## WORK ORDER:
You are asked to filter the data below and copy every line holding "spec".

## SOURCE DATA:
* * *

(* Let $X$ be a topological space with $|X|\ge 2$, $G$ an infinite Abelian group, and $f\colon G\to X$ a Korovin mapping. Then the Korovin orbit $G_f$ is a $T_3$-space if and only if $X$ is a $T_3$-space.
   Context: $X^G$ carries the product topology. For $f\in X^G$ and $g\in G$ let $gf\in X^G$ be given by $(gf)(x)=f(xg)$, and let $G_f=\{gf:g\in G\}\subseteq X^G$ with the subspace topology. The map $f\colon G\to X$ is a Korovin mapping if $\pi_M(G_f)=X^M$ for every countable $M\subseteq G$, where $\pi_M\colon X^G\to X^M$ is the projection; in that case $G_f$ is called a Korovin orbit. A space is $T_3$ if every open neighborhood $U$ of a point $x$ contains an open neighborhood $V$ of $x$ with $\overline{V}\subseteq U$ (no $T_1$ assumed). *)

theory Defs
  imports "HOL-Analysis.Analysis"
begin

text \<open>The group G is written additively (type class ab_group_add); the action is
  (g f)(x) = f(x + g).\<close>

definition shift_fun :: "'g::ab_group_add \<Rightarrow> ('g \<Rightarrow> 'a) \<Rightarrow> ('g \<Rightarrow> 'a)" where
  "shift_fun g f = (\<lambda>x. f (x + g))"

definition orbit_set :: "('g::ab_group_add \<Rightarrow> 'a) \<Rightarrow> ('g \<Rightarrow> 'a) set" where
  "orbit_set f = {shift_fun g f | g. True}"

definition orbit_space :: "'a topology \<Rightarrow> ('g::ab_group_add \<Rightarrow> 'a) \<Rightarrow> ('g \<Rightarrow> 'a) topology" where
  "orbit_space X f = subtopology (product_topology (\<lambda>_. X) UNIV) (orbit_set f)"

definition korovin_mapping :: "'a topology \<Rightarrow> ('g::ab_group_add \<Rightarrow> 'a) \<Rightarrow> bool" where
  "korovin_mapping X f \<longleftrightarrow> (\<forall>x. f x \<in> topspace X) \<and>
     (\<forall>M. countable M \<longrightarrow> (\<lambda>h. restrict h M) ` orbit_set f = PiE M (\<lambda>_. topspace X))"

text \<open>T_3 (no T_1 assumed): every open neighbourhood of a point contains an open
  neighbourhood whose closure lies inside it.\<close>
definition T3_space :: "'a topology \<Rightarrow> bool" where
  "T3_space X \<longleftrightarrow> (\<forall>x U. openin X U \<and> x \<in> U \<longrightarrow>
      (\<exists>V. openin X V \<and> x \<in> V \<and> X closure_of V \<subseteq> U))"

end

theory Submission
  imports Defs
begin

text \<open>Regularity is inherited by products and subspaces, which gives one direction. For the
  other, the only property of S = G_f that matters is that every assignment of values at finitely
  many coordinates is realised by a point of S. Such an S is dense in X^G, so the closure in S of
  the trace of an open box \<Pi> B_i is the trace of \<Pi> cl B_i. Given x in an open U, take p in S
  with p 0 = x and a box around p whose trace has its S-closure inside {h. h 0 \<in> U}. Any y in
  cl B_0 is the 0-th coordinate of a point of S agreeing with p at the finitely many other
  constrained coordinates; that point lies in the trace of \<Pi> cl B_i, so y \<in> U.\<close>

lemma T3_space_iff_regular_space: "T3_space X \<longleftrightarrow> regular_space X"
proof -
  have "T3_space X \<longleftrightarrow> neighbourhood_base_of (closedin X) X"
    unfolding neighbourhood_base_of T3_space_def
    by (meson closedin_closure_of closure_of_minimal closure_of_subset openin_subset order_trans)
  then show ?thesis
    by (simp add: neighbourhood_base_of_closedin)
qed

definition finitely_full :: "('i \<Rightarrow> 'a topology) \<Rightarrow> 'i set \<Rightarrow> ('i \<Rightarrow> 'a) set \<Rightarrow> bool" where
  "finitely_full X I S \<longleftrightarrow>
     (\<forall>M t. finite M \<and> M \<subseteq> I \<and> (\<forall>i\<in>M. t i \<in> topspace (X i)) \<longrightarrow> (\<exists>h\<in>S. \<forall>i\<in>M. h i = t i))"

lemma finitely_full_imp_dense:
  assumes full: "finitely_full X I S" and S: "S \<subseteq> topspace (product_topology X I)"
  shows "product_topology X I closure_of S = topspace (product_topology X I)"
  unfolding dense_intersects_open
proof (intro allI impI)
  fix T
  assume T: "openin (product_topology X I) T \<and> T \<noteq> {}"
  then obtain x where "x \<in> T" by blast
  then obtain U where U: "finite {i \<in> I. U i \<noteq> topspace (X i)}" "x \<in> Pi\<^sub>E I U" "Pi\<^sub>E I U \<subseteq> T"
    using T unfolding openin_product_topology_alt by blast
  have "x i \<in> topspace (X i)" if "i \<in> I" for i
    using that \<open>x \<in> T\<close> openin_subset [of _ T] T by fastforce
  then obtain h where "h \<in> S" and h: "\<forall>i \<in> {i \<in> I. U i \<noteq> topspace (X i)}. h i = x i"
    using full U(1) unfolding finitely_full_def by (metis (no_types, lifting) mem_Collect_eq subsetI)
  moreover have "h \<in> Pi\<^sub>E I U"
    using h \<open>h \<in> S\<close> S U(2) by (force simp: PiE_iff)
  ultimately show "S \<inter> T \<noteq> {}"
    using U(3) by blast
qed

lemma closure_of_dense_subtopology_Int_open:
  assumes "X closure_of S = topspace X" and "openin X T"
  shows "subtopology X S closure_of (S \<inter> T) = S \<inter> X closure_of T"
  using assms closure_of_openin_Int_superset [of X T S]
  by (simp add: closure_of_subtopology openin_subset Int_commute)

lemma closure_of_box_in_finitely_full:
  assumes full: "finitely_full X I S" and S: "S \<subseteq> topspace (product_topology X I)"
    and B: "finite {i \<in> I. B i \<noteq> topspace (X i)}" "\<forall>i\<in>I. openin (X i) (B i)"
  shows "subtopology (product_topology X I) S closure_of (S \<inter> Pi\<^sub>E I B)
           = S \<inter> Pi\<^sub>E I (\<lambda>i. X i closure_of B i)"
proof -
  have "openin (product_topology X I) (Pi\<^sub>E I B)"
    using B unfolding openin_product_topology_alt by blast
  then show ?thesis
    unfolding closure_of_product_topology [symmetric]
    by (rule closure_of_dense_subtopology_Int_open [OF finitely_full_imp_dense [OF full S]])
qed

lemma finitely_full_move_coordinate_in_closure:
  assumes full: "finitely_full X I S" and S: "S \<subseteq> topspace (product_topology X I)"
    and B: "finite {i \<in> I. B i \<noteq> topspace (X i)}" "\<forall>i\<in>I. openin (X i) (B i)"
    and "p \<in> S" "p \<in> Pi\<^sub>E I B" "k \<in> I" and y: "y \<in> X k closure_of B k"
  obtains q where "q \<in> S" "q \<in> Pi\<^sub>E I (\<lambda>i. X i closure_of B i)" "q k = y"
proof -
  define M where "M = insert k {i \<in> I. B i \<noteq> topspace (X i)}"
  have "(p(k := y)) i \<in> topspace (X i)" if "i \<in> M" for i
    using that y S \<open>p \<in> S\<close> closure_of_subset_topspace [of "X k" "B k"] unfolding M_def
    by (auto simp: PiE_iff)
  then obtain q where "q \<in> S" and q: "\<forall>i\<in>M. q i = (p(k := y)) i"
    using full B(1) \<open>k \<in> I\<close> unfolding finitely_full_def M_def
    by (drule_tac x=M in spec, drule_tac x="p(k := y)" in spec) (auto simp: M_def)
  have "q i \<in> X i closure_of B i" if "i \<in> I" for i
  proof (cases "i \<in> M")
    case True
    have "p i \<in> B i"
      using \<open>p \<in> Pi\<^sub>E I B\<close> \<open>i \<in> I\<close> by (simp add: PiE_mem)
    then have "p i \<in> X i closure_of B i"
      using B(2) \<open>i \<in> I\<close> by (meson closure_of_subset openin_subset subsetD)
    then show ?thesis
      using q True y by (cases "i = k") auto
  next
    case False
    then show ?thesis
      using \<open>q \<in> S\<close> S \<open>i \<in> I\<close> unfolding M_def by (auto simp: PiE_iff)
  qed
  then have "q \<in> Pi\<^sub>E I (\<lambda>i. X i closure_of B i)"
    using \<open>q \<in> S\<close> S by (auto simp: PiE_iff)
  then show ?thesis
    using that \<open>q \<in> S\<close> q unfolding M_def by simp
qed

lemma regular_space_factor_of_finitely_full:
  assumes reg: "regular_space (subtopology (product_topology X I) S)"
    and full: "finitely_full X I S" and S: "S \<subseteq> topspace (product_topology X I)"
    and "k \<in> I"
  shows "regular_space (X k)"
  unfolding T3_space_iff_regular_space [symmetric] T3_space_def
proof (intro allI impI)
  let ?P = "product_topology X I"
  let ?S = "subtopology ?P S"
  fix x U
  assume xU: "openin (X k) U \<and> x \<in> U"
  then have "x \<in> topspace (X k)"
    by (meson openin_subset subsetD)
  then obtain p where "p \<in> S" "p k = x"
    using full \<open>k \<in> I\<close> unfolding finitely_full_def
    by (drule_tac x="{k}" in spec, drule_tac x="\<lambda>_. x" in spec) auto
  define W where "W = S \<inter> {h \<in> topspace ?P. h k \<in> U}"
  have "openin ?S W"
    unfolding W_def openin_subtopology
    using openin_continuous_map_preimage [OF continuous_map_product_projection [OF \<open>k \<in> I\<close>]] xU
    by blast
  moreover have "p \<in> W"
    using \<open>p \<in> S\<close> \<open>p k = x\<close> S xU unfolding W_def by blast
  ultimately obtain V where V: "openin ?S V" "p \<in> V" "?S closure_of V \<subseteq> W"
    using reg unfolding T3_space_iff_regular_space [symmetric] T3_space_def by blast
  then obtain T where "openin ?P T" "V = S \<inter> T"
    by (auto simp: openin_subtopology)
  then obtain B where B: "finite {i \<in> I. B i \<noteq> topspace (X i)}" "\<forall>i\<in>I. openin (X i) (B i)"
      "p \<in> Pi\<^sub>E I B" "Pi\<^sub>E I B \<subseteq> T"
    using \<open>p \<in> V\<close> unfolding openin_product_topology_alt by blast
  have "S \<inter> Pi\<^sub>E I (\<lambda>i. X i closure_of B i) = ?S closure_of (S \<inter> Pi\<^sub>E I B)"
    using closure_of_box_in_finitely_full [OF full S B(1,2)] by simp
  also have "\<dots> \<subseteq> ?S closure_of V"
    using B(4) \<open>V = S \<inter> T\<close> by (intro closure_of_mono) blast
  finally have closure_box: "S \<inter> Pi\<^sub>E I (\<lambda>i. X i closure_of B i) \<subseteq> W"
    using V(3) by blast
  show "\<exists>V. openin (X k) V \<and> x \<in> V \<and> X k closure_of V \<subseteq> U"
  proof (intro exI conjI subsetI)
    show "openin (X k) (B k)" "x \<in> B k"
      using B \<open>k \<in> I\<close> \<open>p k = x\<close> by auto
    fix y
    assume "y \<in> X k closure_of B k"
    then obtain q where "q \<in> S" "q \<in> Pi\<^sub>E I (\<lambda>i. X i closure_of B i)" "q k = y"
      using finitely_full_move_coordinate_in_closure [OF full S B(1,2) \<open>p \<in> S\<close> B(3) \<open>k \<in> I\<close>]
      by blast
    then show "y \<in> U"
      using closure_box unfolding W_def by blast
  qed
qed

lemma orbit_set_subset_topspace:
  assumes "korovin_mapping X f"
  shows "orbit_set f \<subseteq> topspace (product_topology (\<lambda>_. X) UNIV)"
  using assms unfolding korovin_mapping_def orbit_set_def shift_fun_def by auto

lemma korovin_mapping_imp_finitely_full:
  fixes f :: "'g::ab_group_add \<Rightarrow> 'a"
  assumes "korovin_mapping X f"
  shows "finitely_full (\<lambda>_. X) UNIV (orbit_set f)"
  unfolding finitely_full_def
proof (intro allI impI)
  fix M and t :: "'g \<Rightarrow> 'a"
  assume M: "finite M \<and> M \<subseteq> UNIV \<and> (\<forall>i\<in>M. t i \<in> topspace X)"
  then have "restrict t M \<in> Pi\<^sub>E M (\<lambda>_. topspace X)"
    by (simp add: restrict_PiE_iff)
  also have "\<dots> = (\<lambda>h. restrict h M) ` orbit_set f"
    using assms M countable_finite unfolding korovin_mapping_def by metis
  finally obtain h where "h \<in> orbit_set f" "restrict h M = restrict t M"
    by (metis imageE)
  then show "\<exists>h\<in>orbit_set f. \<forall>i\<in>M. h i = t i"
    by (metis restrict_apply')
qed

theorem proposition4p4:
  fixes X :: "'a topology" and f :: "'g::ab_group_add \<Rightarrow> 'a"
  assumes "\<exists>a b. a \<in> topspace X \<and> b \<in> topspace X \<and> a \<noteq> b"
    and "infinite (UNIV :: 'g set)"
    and "korovin_mapping X f"
  shows "T3_space (orbit_space X f) \<longleftrightarrow> T3_space X"
  unfolding T3_space_iff_regular_space orbit_space_def
proof
  assume "regular_space (subtopology (product_topology (\<lambda>_. X) UNIV) (orbit_set f))"
  then show "regular_space X"
    using regular_space_factor_of_finitely_full korovin_mapping_imp_finitely_full
      orbit_set_subset_topspace \<open>korovin_mapping X f\<close> UNIV_I by metis
next
  assume "regular_space X"
  then show "regular_space (subtopology (product_topology (\<lambda>_. X) UNIV) (orbit_set f))"
    by (simp add: regular_space_product_topology regular_space_subtopology)
qed

end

* * *

## EXERCISE RESPONSE:
    by (drule_tac x=M in spec, drule_tac x="p(k := y)" in spec) (auto simp: M_def)
    by (drule_tac x="{k}" in spec, drule_tac x="\<lambda>_. x" in spec) auto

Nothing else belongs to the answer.